Did you know that one out of every three bites of food you eat depends on pollinators? Honeybees, bumble bees, and other insects, birds and small mammals pollinate over 90% of the planet's flowering plants and one third of the human diet.
Birds, Bees, Flowers and Trees
About 90% of all flowering plants need the help of animals to move pollen from flower to flower for the production of fruits and seeds. Most pollinators, about 200,000 species, are beneficial insects such as bees, flies, beetles, wasps, ants, butterflies, and moths. About 1,000 species of pollinators are vertebrates like birds, bats, lizards, and small mammals.
Halloween Without Pumpkins? Thanksgiving Without Cranberries?
Our world would be a lot less colorful and flavorful without pollinators! Of the estimated 1330 crop plants grown worldwide for food, beverages, fibers, condiments, spices, and medicines approximately 75% are pollinated by animals. In the U.S, honey bee and native bee pollination accounts for approximately $19 billion worth of crop production. Native bees also help maintain plant communities that provide food and shelter for other animals. About 25% of birds and many mammals from grizzly bears to squirrels feed on fruits and seeds that depend upon pollinators to produce.
The Buzz About Bees
There are more species of bees in the world than all mammal and bird species combined. In North America there are around 4,000 species of bees. In Missouri there are over 400 species of bees, including 10 species of bumblebees. Honey bees are an exotic species first introduced into the New World in 1622.
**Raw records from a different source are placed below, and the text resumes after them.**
text \<open>The generic case \<open>k = j + m + 1\<close>, \<open>l = p + 1\<close> of \<open>gen_narayana_diff\<close> below.\<close>

lemma narayana_binomial_identity:
  fixes j m p :: nat
  assumes "1 \<le> j" "1 \<le> m" "1 \<le> p"
  defines "X \<equiv> of_nat (m choose p) :: 'a :: field_char_0" and "Y \<equiv> of_nat ((m - 1) choose p) :: 'a"
    and "Z \<equiv> of_nat ((j + m) choose p) :: 'a" and "W \<equiv> of_nat ((j + m - 1) choose p) :: 'a"
    and "A \<equiv> of_nat ((m - 1) choose (p - 1)) :: 'a" and "B \<equiv> of_nat ((j + m - 1) choose (p - 1)) :: 'a"
  shows "of_nat j * X * Z / of_nat (p + 1) - of_nat (j + 1) * Y * Z / of_nat (p + 1)
       = of_nat (j - 1) * X * W / of_nat (p + 1) - of_nat j * Y * W / of_nat (p + 1)
         + of_nat j * A * B / of_nat p"
proof -
  define J M P :: 'a where "J = of_nat j" and "M = of_nat m" and "P = of_nat p"
  have "M * A = P * X" "(J + M) * B = P * Z"
    unfolding J_def M_def P_def A_def B_def X_def Z_def of_nat_add[symmetric]
    by (rule of_nat_times_binomial_minus1_eq, use assms(3) in simp)+
  moreover have "M * Y = (M - P) * X" "(J + M) * W = (J + M - P) * Z"
    unfolding J_def M_def P_def Y_def W_def X_def Z_def of_nat_add[symmetric]
    by (rule of_nat_binomial_absorb_comp)+
  moreover have "M \<noteq> 0" "J + M \<noteq> 0" "P \<noteq> 0"
    using assms by (simp_all add: J_def M_def P_def of_nat_add[symmetric] del: of_nat_add)
  moreover have "P + 1 \<noteq> 0"
    using of_nat_neq_0[of p] by (simp add: P_def add.commute)
  ultimately have "P * (J * X * Z - (J + 1) * Y * Z - ((J - 1) * X * W - J * Y * W)) = (P + 1) * (J * A * B)"
    by algebra
  then have "(J * X * Z - (J + 1) * Y * Z - ((J - 1) * X * W - J * Y * W)) / (P + 1) = J * A * B / P"
    using \<open>P \<noteq> 0\<close> \<open>P + 1 \<noteq> 0\<close> by (simp add: frac_eq_eq algebra_simps)
  then show ?thesis
    using assms(1) by (simp add: J_def P_def of_nat_diff add_divide_distrib diff_divide_distrib algebra_simps)
qed

lemma gen_narayana_eq:
  assumes "j < k" "0 < l"
  shows "gen_narayana k j l
           = of_nat j * of_nat ((k - j - 1) choose (l - 1)) * of_nat ((k - 1) choose (l - 1)) / of_nat l"
proof -
  have "of_nat ((k - j) choose l) = of_nat (k - j) * of_nat ((k - j - 1) choose (l - 1)) / (of_nat l :: 'a)"
    using of_nat_times_binomial_minus1_eq[of l "k - j", where 'a = 'a] assms(2) by (simp add: field_simps)
  then show ?thesis
    using assms unfolding gen_narayana_def by simp
qed

lemma gen_narayana_eq_0: "k < l \<Longrightarrow> gen_narayana k j l = 0"
  by (simp add: gen_narayana_def binomial_eq_0)

lemma gen_narayana_diff:
  assumes "1 \<le> j" "j < k"
  shows "gen_narayana k j l - gen_narayana k (j + 1) l
       = gen_narayana (k - 1) (j - 1) l - gen_narayana (k - 1) j l
         + (if l = 0 then 0 else gen_narayana (k - 1) j (l - 1))"
proof -
  obtain m where k: "k = j + m + 1"
    using assms(2) by (metis less_iff_Suc_add Suc_eq_plus1)
  consider "l = 0" | "l = 1" | "m = 0" "2 \<le> l" | "1 \<le> m" "2 \<le> l"
    by linarith
  then show ?thesis
  proof cases
    case 4
    define p where "p = l - 1"
    have l: "l = p + 1" and "1 \<le> p"
      using \<open>2 \<le> l\<close> by (simp_all add: p_def)
    with assms \<open>1 \<le> m\<close> show ?thesis
      using narayana_binomial_identity[OF assms(1) \<open>1 \<le> m\<close> \<open>1 \<le> p\<close>, where 'a = 'a]
      by (simp add: k l gen_narayana_eq)
  qed (use assms of_nat_neq_0[of m, unfolded of_nat_Suc] in \<open>auto simp: k gen_narayana_def\<close>)
qed

lemma gen_narayana_poly_eq_sum:
  "k \<le> n \<Longrightarrow> gen_narayana_poly b k j = (\<Sum>l\<le>n. gen_narayana k j l * b ^ l)"
  unfolding gen_narayana_poly_def by (rule sum.mono_neutral_left) (auto simp: gen_narayana_eq_0)

lemma gen_narayana_poly_diag [simp]: "gen_narayana_poly b k k = 1"
  by (simp add: gen_narayana_poly_def gen_narayana_def sum.atMost_shift)

lemma gen_narayana_poly_0: "0 < k \<Longrightarrow> gen_narayana_poly b k 0 = 0"
  by (auto simp: gen_narayana_poly_def gen_narayana_def intro!: sum.neutral)

lemma gen_narayana_poly_diff:
  assumes "1 \<le> j" "j < k"
  shows "gen_narayana_poly b k j - gen_narayana_poly b k (j + 1)
       = gen_narayana_poly b (k - 1) (j - 1) - gen_narayana_poly b (k - 1) j + b * gen_narayana_poly b (k - 1) j"
proof -
  obtain n where k: "k = Suc n"
    using assms(2) by (cases k) auto
  have diff: "gen_narayana (Suc n) j l - gen_narayana (Suc n) (j + 1) l
      = gen_narayana n (j - 1) l - gen_narayana n j l + (if l = 0 then 0 else gen_narayana n j (l - 1))" for l
    using gen_narayana_diff[OF assms, of l] by (simp add: k cong: if_cong)
  have shift: "(\<Sum>l\<le>Suc n. (if l = 0 then 0 else gen_narayana n j (l - 1)) * b ^ l)
      = b * gen_narayana_poly b n j"
    unfolding gen_narayana_poly_def sum.atMost_Suc_shift by (simp add: sum_distrib_left algebra_simps)
  have "gen_narayana_poly b (Suc n) j - gen_narayana_poly b (Suc n) (j + 1)
      = (\<Sum>l\<le>Suc n. (gen_narayana (Suc n) j l - gen_narayana (Suc n) (j + 1) l) * b ^ l)"
    unfolding gen_narayana_poly_def by (simp add: sum_subtractf algebra_simps)
  also have "\<dots> = (\<Sum>l\<le>Suc n. gen_narayana n (j - 1) l * b ^ l) - (\<Sum>l\<le>Suc n. gen_narayana n j l * b ^ l)
      + (\<Sum>l\<le>Suc n. (if l = 0 then 0 else gen_narayana n j (l - 1)) * b ^ l)"
    unfolding diff by (simp add: sum_subtractf sum.distrib algebra_simps)
  also have "\<dots> = gen_narayana_poly b n (j - 1) - gen_narayana_poly b n j + b * gen_narayana_poly b n j"
    by (simp only: shift gen_narayana_poly_eq_sum[OF le_SucI[OF order.refl], symmetric])
  finally show ?thesis
    by (simp add: k)
qed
Pollinators are often keystone species, meaning that they are critical to an ecosystem. As landscapes are converted from wild to managed lands, many pollinators' habitats may be destroyed or fragmented.
Saint Louis Zoo is Helping Pollinators
The Zoo's WildCare Institute Center for Native Pollinator Conservation (CNPC) works to save pollinators on several levels - from backyards to the far corners of the world. In 2008, the Center, with the University of Illinois-Urbana-Champaign, produced the first guide of bumble bees in Illinois and Missouri. The CNPC is committed to producing additional identification guides for local and regional bumble bees and other native bees for students, researchers, farmers, and citizen scientists. The Center conducts bee surveys within the St. Louis area to examine bee diversity and abundance and identify possible areas of conservation concern. At the community level, the CNPC is beginning work with community garden groups, like Gateway Greening, to educate individuals about native bees and develop best bee practices for local gardens.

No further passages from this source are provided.